I am going to give two talks at forthcoming YAPC::Europe, one full-length and a lightning.
Coincidently, both talks are about using Perl in linguistics applications.
How to make Google Books at home
Several years ago I made online search for two books published by Art. Lebedev Studio. The main idea was to take best from Google and made a better service.
After I left the Studio I totally re-wrote the code, because as always, real understanding comes after you have made the prototype of a system. Current engine gives a search results in the form of graphical preview of page with underlined search words, like this: http://deeptext.net/booksearch/selected.gif
I am going to cover several elements:
* Working with book layout and converting it into a suitable format.

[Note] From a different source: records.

(* In the setting below, the vector $$\begin{aligned}U=&\tfrac16\big[(-\lambda_1+\lambda_6)(-1)^3+(\lambda_3-\lambda_5)(-1)^3+(\lambda_1-\lambda_3+\lambda_5-\lambda_6)(-1)^3\big]\otimes e^0\\&+\tfrac12(\lambda_3-\lambda_5)(-1)\otimes\big(e^{\alpha_1-\alpha_6}+e^{-\alpha_1+\alpha_6}\big)+\tfrac12(-\lambda_1+\lambda_6)(-1)\otimes\big(e^{\alpha_3-\alpha_5}+e^{-\alpha_3+\alpha_5}\big)\\&+\tfrac12(-\lambda_1+\lambda_3-\lambda_5+\lambda_6)(-1)\otimes\big(e^{\alpha_1+\alpha_3-\alpha_5-\alpha_6}+e^{-\alpha_1-\alpha_3+\alpha_5+\alpha_6}\big)\in V^{\Lambda_0}\end{aligned}$$ is nonzero and is a highest weight vector of type $Vir(\tfrac45,3)\otimes W^{\Omega_0}$, i.e. it satisfies (HW1)–(HW5) with $h=3$ and $\omega_j=0$.
   Context: Setting. $Q$ is the $E_6$ root lattice with simple roots $\alpha_1,\dots,\alpha_6$ (Dynkin chain $\alpha_1-\alpha_3-\alpha_4-\alpha_5-\alpha_6$, $\alpha_2$ attached to $\alpha_4$), form from the Cartan matrix, fundamental weights $\lambda_i$, $P=\bigoplus\mathbb Z\lambda_i$, $\mathfrak h=\mathbb C\otimes P$. $\varepsilon$ bimultiplicative on $P$ with $[\varepsilon(\lambda_i,\lambda_j)]$ rows $(1,1,1,1,1,1)$, $(-1,1,1,1,1,-1)$, $(-1,1,1,1,1,1)$, $(1,-1,1,1,1,1)$, $(1,1,1,1,1,-1)$, $(1,1,1,1,1,1)$. $V_P=S(\hat{\mathfrak h}^-)\otimes\mathbb C[P]$ with Heisenberg operators $h(n)$ ($[h(m),h'(n)]=m\langle h,h'\rangle\delta_{m+n,0}$, $h(n)1=0$ for $n>0$, $h(0)(u\otimes e^\beta)=\langle h,\beta\rangle u\otimes e^\beta$). For $\alpha\in Q$: $Y(1\otimes e^\alpha,z)=\exp(\sum_{k\ge1}\frac{\alpha(-k)}kz^k)\exp(-\sum_{k\ge1}\frac{\alpha(k)}kz^{-k})e_\alpha z^{\alpha(0)}=\sum_n\{1\otimes e^\alpha\}_nz^{-n-1}$, $e_\alpha(u\otimes e^\beta)=\varepsilon(\alpha,\beta)u\otimes e^{\alpha+\beta}$, $z^{\alpha(0)}(u\otimes e^\beta)=z^{\langle\alpha,\beta\rangle}u\otimes e^\beta$; for general vectors $Y(h_1(-n_1-1)\cdots h_k(-n_k-1)\otimes e^\alpha,z)=\,:h_1^{(n_1)}(z)\cdots h_k^{(n_k)}(z)Y(1\otimes e^\alpha,z):$, $h^{(n)}(z)=\frac1{n!}(\frac d{dz})^n\sum_mh(m)z^{-m-1}$, annihilators to the right. $V^{\Lambda_0}=S(\hat{\mathfrak h}^-)\otimes\mathbb C[Q]$. $\tau$: $\alpha_1\leftrightarrow\alpha_6$, $\alpha_3\leftrightarrow\alpha_5$; $\mathrm{Proj}(\nu)=(\nu+\tau\nu)/2$. $\theta=\alpha_1+2\alpha_2+2\alpha_3+3\alpha_4+2\alpha_5+\alpha_6$. Raising operators of $\tilde{\mathfrak a}$ ($F_4^{(1)}$): $\{\beta_1\}_0=\{1\otimes e^{\alpha_2}\}_0$, $\{\beta_2\}_0=\{1\otimes e^{\alpha_4}\}_0$, $\{\beta_3\}_0=\{1\otimes e^{\alpha_3}\}_0+\{1\otimes e^{\alpha_5}\}_0$, $\{\beta_4\}_0=\{1\otimes e^{\alpha_1}\}_0+\{1\otimes e^{\alpha_6}\}_0$, $\{1\otimes e^{-\theta}\}_1$. Coset conformal vector $\omega=\frac1{10}[(-\lambda_1+\lambda_6)(-1)^2+(\lambda_3-\lambda_5)(-1)^2+(\lambda_1-\lambda_3+\lambda_5-\lambda_6)(-1)^2]\otimes e^0+\frac15(-1\otimes e^{\pm\gamma_1}-1\otimes e^{\pm\gamma_2}+1\otimes e^{\pm\gamma_3})$, $\gamma_1=\alpha_1-\alpha_6$, $\gamma_2=\alpha_3-\alpha_5$, $\gamma_3=\gamma_1+\gamma_2$, $1\otimes e^{\pm\gamma}:=1\otimes e^\gamma+1\otimes e^{-\gamma}$; $L(n)=\{\omega\}_{n+1}$ (Virasoro, $c=4/5$, commuting with $\tilde{\mathfrak a}$). $\Omega_0$ is the basic level one $F_4^{(1)}$ weight, $W^{\Omega_0}$ its irreducible module. A nonzero $v$ is a highest weight vector of type $Vir(\frac45,h)\otimes W^{\Omega_j}$ if (HW1) $\{1\otimes e^{-\theta}\}_1v=0$; (HW2) $\{\beta_i\}_0v=0$, $i=1,\dots,4$; (HW3) $L(1)v=L(2)v=0$; (HW4) $L(0)v=hv$; (HW5) $v\in\bigoplus_kS(\hat{\mathfrak h}^-)\otimes e^{\nu_k}$ with $\mathrm{Proj}(\nu_k)=\omega_j$ ($\omega_0=0$). In the paper $U$ is constructed as $\{R\}_{-8/3}\cdot\tau R-\frac52\{\omega\}_{-2}(1\otimes e^0)$, with $\{R\}_n$ the modes of an intertwining operator for $R=1\otimes e^{-\lambda_1+\lambda_6}+1\otimes e^{\lambda_3-\lambda_5}-1\otimes e^{\lambda_1-\lambda_3+\lambda_5-\lambda_6}$; the explicit expression above is that vector. *)

theory Defs
  imports Complex_Main "HOL-Library.Multiset" "HOL-Library.Function_Algebras"
begin

text \<open>L1..L6 index the simple roots alpha_1..alpha_6 and fundamental weights
  lambda_1..lambda_6 (Bourbaki numbering: chain 1-3-4-5-6, node 2 attached to 4).\<close>

datatype ix = L1 | L2 | L3 | L4 | L5 | L6

lemma UNIV_ix: "(UNIV :: ix set) = {L1, L2, L3, L4, L5, L6}"
  by (auto intro: ix.exhaust)

instance ix :: finite
  by standard (simp add: UNIV_ix)

fun ixn :: "ix \<Rightarrow> nat" where
  "ixn L1 = 0" | "ixn L2 = 1" | "ixn L3 = 2" | "ixn L4 = 3" | "ixn L5 = 4" | "ixn L6 = 5"

definition adj :: "ix \<Rightarrow> ix \<Rightarrow> bool" where
  "adj i j \<longleftrightarrow> {i, j} \<in> {{L1, L3}, {L3, L4}, {L4, L5}, {L5, L6}, {L2, L4}}"

definition cartan :: "ix \<Rightarrow> ix \<Rightarrow> int" where
  "cartan i j = (if i = j then 2 else if adj i j then -1 else 0)"

text \<open>Elements of P are written in the basis of fundamental weights:
  nu = sum_i nu(i) lambda_i.\<close>
type_synonym lat = "ix \<Rightarrow> int"

text \<open>Elements of h = C (x) P in the basis of fundamental weights.\<close>
type_synonym hvec = "ix \<Rightarrow> complex"

text \<open>Gram matrix <lambda_i, lambda_j> of the form (= inverse of the Cartan matrix;
  see lemma ginv_cartan below, which shows <lambda_i, alpha_j> = delta_ij).\<close>
definition ginv :: "ix \<Rightarrow> ix \<Rightarrow> rat" where
  "ginv i j = of_int ([[4,3,5,6,4,2],[3,6,6,9,6,3],[5,6,10,12,8,4],
                      [6,9,12,18,12,6],[4,6,8,12,10,5],[2,3,4,6,5,4]] ! ixn i ! ixn j) / 3"

lemma ginv_cartan:
  "(\<Sum>k\<in>UNIV. ginv i k * of_int (cartan k j)) = (if i = j then 1 else 0)"
  by (cases i; cases j) (simp_all add: UNIV_ix ginv_def cartan_def adj_def doubleton_eq_iff)

definition alpha :: "ix \<Rightarrow> lat" where
  "alpha j = (\<lambda>i. cartan j i)"

definition rootlat :: "lat set" where
  "rootlat = {nu. \<exists>c :: ix \<Rightarrow> int. nu = (\<lambda>i. \<Sum>j\<in>UNIV. c j * alpha j i)}"

definition hofl :: "lat \<Rightarrow> hvec" where
  "hofl nu = (\<lambda>i. of_int (nu i))"

definition lam :: "ix \<Rightarrow> lat" where
  "lam i = (\<lambda>j. if j = i then 1 else 0)"

definition ip :: "hvec \<Rightarrow> hvec \<Rightarrow> complex" where
  "ip x y = (\<Sum>i\<in>UNIV. \<Sum>j\<in>UNIV. x i * y j * of_rat (ginv i j))"

definition lip :: "lat \<Rightarrow> lat \<Rightarrow> rat" where
  "lip x y = (\<Sum>i\<in>UNIV. \<Sum>j\<in>UNIV. of_int (x i * y j) * ginv i j)"

definition epsmat :: "ix \<Rightarrow> ix \<Rightarrow> complex" where
  "epsmat i j = of_int ([[1,1,1,1,1,1],[-1,1,1,1,1,-1],[-1,1,1,1,1,1],
                        [1,-1,1,1,1,1],[1,1,1,1,1,-1],[1,1,1,1,1,1]] ! ixn i ! ixn j)"

definition eps :: "lat \<Rightarrow> lat \<Rightarrow> complex" where
  "eps mu nu = (\<Prod>i\<in>UNIV. \<Prod>j\<in>UNIV. epsmat i j powi (mu i * nu j))"

text \<open>A monomial in S(h^-) is a multiset of pairs (i,k) standing for lambda_i(-k-1).
  A basis vector of V_P is (M, beta) = M (x) e^beta.  A vector is a finitely
  supported complex-valued function on basis vectors.\<close>
type_synonym mon = "(ix \<times> nat) multiset"
type_synonym basis = "mon \<times> lat"
type_synonym vec = "basis \<Rightarrow> complex"

definition bv :: "basis \<Rightarrow> vec" where
  "bv b = (\<lambda>b'. if b' = b then 1 else 0)"

definition smul :: "complex \<Rightarrow> vec \<Rightarrow> vec" where
  "smul c v = (\<lambda>b. c * v b)"

definition lext :: "(basis \<Rightarrow> vec) \<Rightarrow> vec \<Rightarrow> vec" where
  "lext f v = (\<lambda>b'. \<Sum>b\<in>{b. v b \<noteq> 0}. v b * f b b')"

text \<open>Heisenberg operators h(-n) (n >= 1): multiplication by h(-n).\<close>
definition cr :: "hvec \<Rightarrow> nat \<Rightarrow> vec \<Rightarrow> vec" where
  "cr h n = lext (\<lambda>(M, beta). \<Sum>i\<in>UNIV. smul (h i) (bv (M + {#(i, n - 1)#}, beta)))"

text \<open>Heisenberg operators h(n) (n >= 1): the derivation with
  [h(n), lambda_i(-n)] = n <h, lambda_i>, killing 1.\<close>
definition an :: "hvec \<Rightarrow> nat \<Rightarrow> vec \<Rightarrow> vec" where
  "an h n = lext (\<lambda>(M, beta). \<Sum>i\<in>UNIV.
      smul (of_nat n * ip h (hofl (lam i)) * of_nat (count M (i, n - 1)))
           (bv (M - {#(i, n - 1)#}, beta)))"

definition zm :: "hvec \<Rightarrow> vec \<Rightarrow> vec" where
  "zm h = lext (\<lambda>(M, beta). smul (ip h (hofl beta)) (bv (M, beta)))"

definition hm :: "hvec \<Rightarrow> int \<Rightarrow> vec \<Rightarrow> vec" where
  "hm h m = (if m < 0 then cr h (nat (- m)) else if m = 0 then zm h else an h (nat m))"

text \<open>Degree (L(0)-weight of the Heisenberg part) of a monomial.\<close>
definition wt :: "mon \<Rightarrow> nat" where
  "wt M = (\<Sum>x\<in>#M. snd x + 1)"

text \<open>Coefficient of w^b in exp(sum_{k>=1} x_k w^k / k), written out literally:
  sum over n of 1/n! times the sum over ordered compositions (k_1,...,k_n) of b of
  (x_{k_1}/k_1) ... (x_{k_n}/k_n).\<close>
definition comps :: "nat \<Rightarrow> nat list set" where
  "comps b = {ks. sum_list ks = b \<and> 0 \<notin> set ks}"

* Extracting paragraphs, phrases and words from the layout.
* Understanding the importance of separate words.
* Thinking of how to restore the word order if the source had damaged it.
* Restoring words split with hyphens.
* Indexing the text of a book.
* What is better for index: dictionary or morphology engine?
* Building the cloud of popular words.
* Generating previews and thumbnails.
* Highlighting words that are found.
* Caching search results.
* Adding hot word lists to search results.
To demonstrate how all that stuff works I will make a brochure of all my posts in use.perl.org and create online search through them.
Translating human language with computer grammar
A couple of months before German Perl Workshop in 2007 I started to learn German. My lightning talk there was about parsing URIs with Parse::RecDescent grammars. I am so excited about both German and parsing module, that decided to create a very simple machine translator which should be able to translate basic phrases from my German textbook. In Perl no doubt.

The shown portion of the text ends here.